Click here for printable workout log!

My Own Improvisations

Improvisation is often the key when training away from the gym. As I do not, as yet, own a weight set and often train away from the gym for work reasons, my garage is full of contraptions designed for the express purpose of training. 10 two-litre milk bottles attached to an old bar are used for bicep curls.

The same bar hung between two ceiling rafters is then used for chin-ups. Unorthodox movements can have surprising results. For example, super-setting chin-ups with 20-30 second bursts on the boxing bag result in a great muscle pump. Likewise, press-ups with my son sitting on my back super-setted with triceps dips with 40 kilograms of concrete blocks on my lap.
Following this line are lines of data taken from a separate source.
fun gsc_Q :: "nat \<Rightarrow> (nat \<times> nat) set \<Rightarrow> nat \<Rightarrow> (real \<times> real) set" where
  "gsc_Q N D 0 = {0..1} \<times> {0..1}"
| "gsc_Q N D (Suc n) = (\<Union>i\<in>D. gsc_map N i ` gsc_Q N D n)"

definition gsc_attractor :: "nat \<Rightarrow> (nat \<times> nat) set \<Rightarrow> (real \<times> real) set \<Rightarrow> bool" where
  "gsc_attractor N D F \<longleftrightarrow> F \<noteq> {} \<and> compact F \<and> F = (\<Union>i\<in>D. gsc_map N i ` F)"

end

theory Submission
  imports Defs
begin

text \<open>
  Every point of \<open>Q\<^sub>n\<close> lies in a connected subset of \<open>Q\<^sub>n\<close> of diameter at most \<open>2 N\<^sup>-\<^sup>n\<close>
  that meets \<open>F\<close> (an image of \<open>Q\<^sub>0\<close> under \<open>n\<close> of the maps \<open>\<phi>\<^sub>i\<close>); hence \<open>F = \<Inter>\<^sub>n Q\<^sub>n\<close>, and
  connectedness of \<open>F\<close> passes to every \<open>Q\<^sub>n\<close>. Conversely, \<open>Q\<^sub>n\<^sub>+\<^sub>1\<close> is the union of the connected
  pieces \<open>\<phi>\<^sub>i(Q\<^sub>n)\<close>, and \<open>\<phi>\<^sub>i(Q\<^sub>n)\<close> meets \<open>\<phi>\<^sub>j(Q\<^sub>n)\<close> iff \<open>Q\<^sub>n\<close> meets its translate by \<open>i - j\<close>.
  A translation \<open>t\<close> with this property lies in \<open>{-1,0,1}\<^sup>2\<close>, and \<open>Q\<^sub>n\<^sub>+\<^sub>1\<close> meets its translate by
  \<open>t\<close> iff \<open>Q\<^sub>n\<close> meets its translate by \<open>N t + k - l\<close> for some \<open>k, l \<in> D\<close>; since \<open>\<bar>k - l\<bar> < N\<close>,
  this step keeps every nonzero coordinate of \<open>t\<close>. So two steps starting at level 2 cannot both
  change \<open>t \<noteq> 0\<close>, and which translates \<open>Q\<^sub>n\<close> meets is the same for all \<open>n \<ge> 2\<close>. The pieces of
  \<open>Q\<^sub>n\<^sub>+\<^sub>1\<close> therefore intersect in the same pattern as those of \<open>Q\<^sub>3\<close>, so connectedness of \<open>Q\<^sub>3\<close>
  propagates to all \<open>Q\<^sub>n\<close> with \<open>n \<ge> 3\<close> and to their nested intersection \<open>F\<close>.
\<close>

lemma gsc_map_eq_scaleR: "gsc_map N i x = (1 / real N) *\<^sub>R (x + (real (fst i), real (snd i)))"
  by (cases x) (simp add: gsc_map_def divide_inverse_commute)

lemma continuous_on_gsc_map: "continuous_on S (gsc_map N i)"
  unfolding gsc_map_eq_scaleR[abs_def] by (intro continuous_intros)

lemma dist_gsc_map:
  assumes "N > 0"
  shows "dist (gsc_map N i x) (gsc_map N i y) = dist x y / real N"
proof -
  have "gsc_map N i x - gsc_map N i y = (1 / real N) *\<^sub>R (x - y)"
    unfolding gsc_map_eq_scaleR by (simp add: algebra_simps)
  then show ?thesis
    using assms by (simp add: dist_norm)
qed

lemma gsc_data_ge_2: "gsc_data N D \<Longrightarrow> 2 \<le> N"
  unfolding gsc_data_def by simp

lemma gsc_data_finite: "gsc_data N D \<Longrightarrow> finite D"
  unfolding gsc_data_def by (metis card.infinite not_one_less_zero)

lemma gsc_data_nonempty: "gsc_data N D \<Longrightarrow> D \<noteq> {}"
  unfolding gsc_data_def by auto

lemma gsc_data_digits: "gsc_data N D \<Longrightarrow> i \<in> D \<Longrightarrow> fst i < N \<and> snd i < N"
  unfolding gsc_data_def by auto

lemma gsc_attractor_invariant: "gsc_attractor N D F \<Longrightarrow> i \<in> D \<Longrightarrow> gsc_map N i ` F \<subseteq> F"
  unfolding gsc_attractor_def by blast

lemma compact_gsc_Q: "finite D \<Longrightarrow> compact (gsc_Q N D n)"
  by (induction n) (auto simp: compact_Times intro!: compact_UN compact_continuous_image continuous_on_gsc_map)

lemma gsc_Q_nonempty: "D \<noteq> {} \<Longrightarrow> gsc_Q N D n \<noteq> {}"
  by (induction n) auto

lemma gsc_map_unit_square:
  assumes "gsc_data N D" "i \<in> D" "x \<in> {0..1} \<times> {0..1}"
  shows "gsc_map N i x \<in> {0..1} \<times> {0..1}"
proof -
  have "2 \<le> N" "real (fst i) \<le> real N - 1" "real (snd i) \<le> real N - 1"
    using gsc_data_ge_2[OF assms(1)] gsc_data_digits[OF assms(1,2)] by linarith+
  with assms(3) show ?thesis
    by (auto simp: gsc_map_def mem_Times_iff field_simps)
qed

lemma gsc_Q_Suc_subset: "gsc_data N D \<Longrightarrow> gsc_Q N D (Suc n) \<subseteq> gsc_Q N D n"
proof (induction n)
  case 0
  show ?case
  proof
    fix x assume "x \<in> gsc_Q N D (Suc 0)"
    then obtain i y where "i \<in> D" "y \<in> {0..1} \<times> {0..1}" "x = gsc_map N i y"
      by auto
    then show "x \<in> gsc_Q N D 0"
      using gsc_map_unit_square[OF 0] by simp
  qed
next
  case (Suc n)
  then show ?case
    by (simp only: gsc_Q.simps) blast
qed

lemma gsc_Q_antimono: "gsc_data N D \<Longrightarrow> m \<le> n \<Longrightarrow> gsc_Q N D n \<subseteq> gsc_Q N D m"
  using lift_Suc_antimono_le[of "gsc_Q N D"] gsc_Q_Suc_subset by metis

lemma gsc_Q_subset_unit_square: "gsc_data N D \<Longrightarrow> gsc_Q N D n \<subseteq> {0..1} \<times> {0..1}"
  using gsc_Q_antimono[of N D 0 n] by simp

lemma invariant_function_in_unit_interval:
  fixes g :: "real \<times> real \<Rightarrow> real" and h :: "nat \<times> nat \<Rightarrow> nat"
  assumes N: "N \<ge> 2" and F: "compact F" "F \<noteq> {}" "F = (\<Union>i\<in>D. gsc_map N i ` F)"
    and g: "continuous_on F g"
    and g_gsc_map: "\<And>i y. i \<in> D \<Longrightarrow> g (gsc_map N i y) = (g y + real (h i)) / real N"
    and h: "\<And>i. i \<in> D \<Longrightarrow> h i < N"
    and x: "x \<in> F"
  shows "0 \<le> g x \<and> g x \<le> 1"
proof -
  obtain a where a: "a \<in> F" "\<And>y. y \<in> F \<Longrightarrow> g y \<le> g a"
    using continuous_attains_sup[OF F(1,2) g] by blast
  obtain b where b: "b \<in> F" "\<And>y. y \<in> F \<Longrightarrow> g b \<le> g y"
    using continuous_attains_inf[OF F(1,2) g] by blast
  obtain i y where iy: "i \<in> D" "y \<in> F" "a = gsc_map N i y"
    using a(1) F(3) by blast
  have "g a = (g y + real (h i)) / real N" "g y \<le> g a" "real (h i) \<le> real N - 1"
    using g_gsc_map[OF iy(1)] a(2)[OF iy(2)] h[OF iy(1)] iy(3) by auto
  then have "(g a - 1) * (real N - 1) \<le> 0"
    using N by (simp add: field_simps)
  then have "g a \<le> 1"
    using N by (simp add: mult_le_0_iff)
  obtain j z where jz: "j \<in> D" "z \<in> F" "b = gsc_map N j z"
    using b(1) F(3) by blast
  have "g b = (g z + real (h j)) / real N" "g b \<le> g z"
    using g_gsc_map[OF jz(1)] b(2)[OF jz(2)] jz(3) by auto
  then have "g b * (real N - 1) \<ge> 0"
    using N by (simp add: field_simps)
  then have "g b \<ge> 0"
    using N by (simp add: zero_le_mult_iff)
  show ?thesis
    using a(2)[OF x] b(2)[OF x] \<open>g a \<le> 1\<close> \<open>g b \<ge> 0\<close> by linarith
qed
For squats I might have my son (who weighs 35 kilograms) sit on my shoulders while I perform 100 reps. Then I might complete several sprints at the local park. Talk about an excellent quadriceps pump. Remember, the only limiting factor is ones imagination.

There you have it. A (fairly) comprehensive bodybuilding regime without having to enter the gym. These routines can produce excellent results because one can do them at home, thereby reducing travel and post-workout nutrition time. Also, the inherent change in training stimulus, functionality and variety of these routines makes them a worthy inclusion. Good luck.


  1. Little, J. (1994). Bruce Lee; Real World Power. Muscle and Fitness. May 1994 edition.